2. The compressed prefix tree data structure of claim 1, wherein said appendix field that is in the second format has one of several different predetermined sizes in which to store the resulting data entry.
3. The compressed prefix tree data structure of claim 1, wherein said resulting data entry is an index to an array that contains a plurality of forwarding information entries.
4. The compressed prefix tree data structure of claim 1, wherein said resulting data entry is a forwarding data entry.
5. The compressed prefix tree data structure of claim 1, wherein each data record includes a variable length match field that stores a prefix key therein.
6. The compressed prefix tree data structure of claim 1, wherein each data record includes a twig type field therein indicating whether said select node of said respective twig has at least one child node and whether said select node of said respective twig has at least one right sibling node.
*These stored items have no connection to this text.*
theory Submission
  imports Defs "HOL-Real_Asymp.Real_Asymp"
begin

text \<open>A nonnegative solution is concave wherever the equation holds. For \<open>sigma \<ge> 0\<close> it is
  concave and nonnegative on the whole line, hence constant, hence zero. For \<open>sigma < 0\<close> a
  nontrivial solution restricts, after a reflection if necessary, to a positive nondecreasing
  solution on \<open>(0, \<infinity>)\<close>. If \<open>sigma \<ge> -2\<close> and \<open>sigma + p \<ge> -1\<close>, lower bounds for \<open>u\<close> give
  \<open>u'' t \<le> - L * t powr beta\<close> with a non-integrable weight (\<open>beta \<ge> -1\<close>), which drives \<open>u'\<close>
  below zero; the borderline case \<open>sigma = -2\<close>, \<open>p = 1\<close> is Euler's equation, excluded by Sturm
  comparison. The Kelvin transform \<open>v x = x * u (1 / x)\<close> turns solutions for \<open>(sigma, p)\<close> into
  solutions for \<open>(-3 - sigma - p, p)\<close> and exchanges this region with \<open>sigma \<le> -2\<close>,
  \<open>sigma + p \<le> -1\<close>. In the remaining range \<open>c * \<bar>x\<bar> powr a\<close> with \<open>a = (sigma + 2) / (1 - p)\<close>
  is an explicit solution.\<close>

lemma concave_le_tangent:
  fixes f f' f'' :: "real \<Rightarrow> real"
  assumes "a \<le> b"
    and f': "\<And>x. a \<le> x \<Longrightarrow> x \<le> b \<Longrightarrow> (f has_real_derivative f' x) (at x)"
    and f'': "\<And>x. a \<le> x \<Longrightarrow> x \<le> b \<Longrightarrow> (f' has_real_derivative f'' x) (at x)"
    and concave: "\<And>x. a \<le> x \<Longrightarrow> x \<le> b \<Longrightarrow> f'' x \<le> 0"
  shows "f b \<le> f a + f' a * (b - a)" "f a \<le> f b + f' b * (a - b)"
proof -
  have f'_antimono: "f' y \<le> f' x" if "a \<le> x" "x \<le> y" "y \<le> b" for x y
  proof (rule DERIV_nonpos_imp_nonincreasing[OF \<open>x \<le> y\<close>])
    fix z assume "x \<le> z" "z \<le> y"
    with that show "\<exists>w. (f' has_real_derivative w) (at z) \<and> w \<le> 0"
      using f'' concave by (meson order_trans)
  qed
  have "(\<lambda>x. f x - f' a * x) b \<le> (\<lambda>x. f x - f' a * x) a"
  proof (rule DERIV_nonpos_imp_nonincreasing[OF \<open>a \<le> b\<close>])
    fix x assume "a \<le> x" "x \<le> b"
    then show "\<exists>y. ((\<lambda>x. f x - f' a * x) has_real_derivative y) (at x) \<and> y \<le> 0"
      using f'[of x] f'_antimono[of a x]
      by (intro exI[of _ "f' x - f' a"]) (auto intro!: derivative_eq_intros)
  qed
  then show "f b \<le> f a + f' a * (b - a)" by (simp add: algebra_simps)
  have "(\<lambda>x. f x - f' b * x) a \<le> (\<lambda>x. f x - f' b * x) b"
  proof (rule DERIV_nonneg_imp_nondecreasing[OF \<open>a \<le> b\<close>])
    fix x assume "a \<le> x" "x \<le> b"
    then show "\<exists>y. ((\<lambda>x. f x - f' b * x) has_real_derivative y) (at x) \<and> y \<ge> 0"
      using f'[of x] f'_antimono[of x b]
      by (intro exI[of _ "f' x - f' b"]) (auto intro!: derivative_eq_intros)
  qed
  then show "f a \<le> f b + f' b * (a - b)" by (simp add: algebra_simps)
qed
7. The compressed prefix tree data structure of claim 6, wherein said twig type field has a child flag and a sibling flag.
8. The compressed prefix tree data structure of claim 1, wherein each data record includes a twig length field therein which indicates a length of a prefix key.
9. The compressed prefix tree data structure of claim 1, wherein said codeword represents a bonsai tree.
10. The compressed prefix tree data structure of claim 1, wherein said codeword includes a pointer that points to an array of next-level codewords if at least one of the childless twigs has the first format.
11. The compressed prefix tree data structure of claim 1, wherein said codeword does not include a pointer that points to an array of next-level codewords if all of the childless twigs have the second format.
12. The compressed prefix tree data structure of claim 1, wherein said codeword includes at least two bits which indicates one of a plurality of modes that can take place if none of the data records match a search key, wherein the modes include:
a first mode that indicates a search result is a failed search;
a second mode that indicates a search result is contained in a field directly after the two bits and before the first data record;
a third mode that indicates a search result is a default search result.
13. A method for generating a compressed prefix tree structure, comprising the steps of:
creating a codeword within a memory, said codeword representing at least a portion of a prefix tree, the portion covering two or more nodes of the prefix tree; and
storing a list of data records within said codeword, each data record is associated with a twig that includes an edge and a select one of the two or more nodes of the prefix tree, where each twig that is a childless twig includes an appendix field which has one of the following formats:
a first format which indicates that the corresponding childless twig has a sub-tree in another codeword; or
a second format which indicates that the corresponding childless twig has a resulting data entry stored in the appendix field.
14. The method of claim 13, wherein said appendix field that is in the second format has one of several different predetermined sizes in which to store the resulting data entry.
15. The method of claim 13, wherein said resulting data entry is an index to an array that contains a plurality of forwarding information entries.
16. The method of claim 13, wherein said resulting data entry is a forwarding data entry.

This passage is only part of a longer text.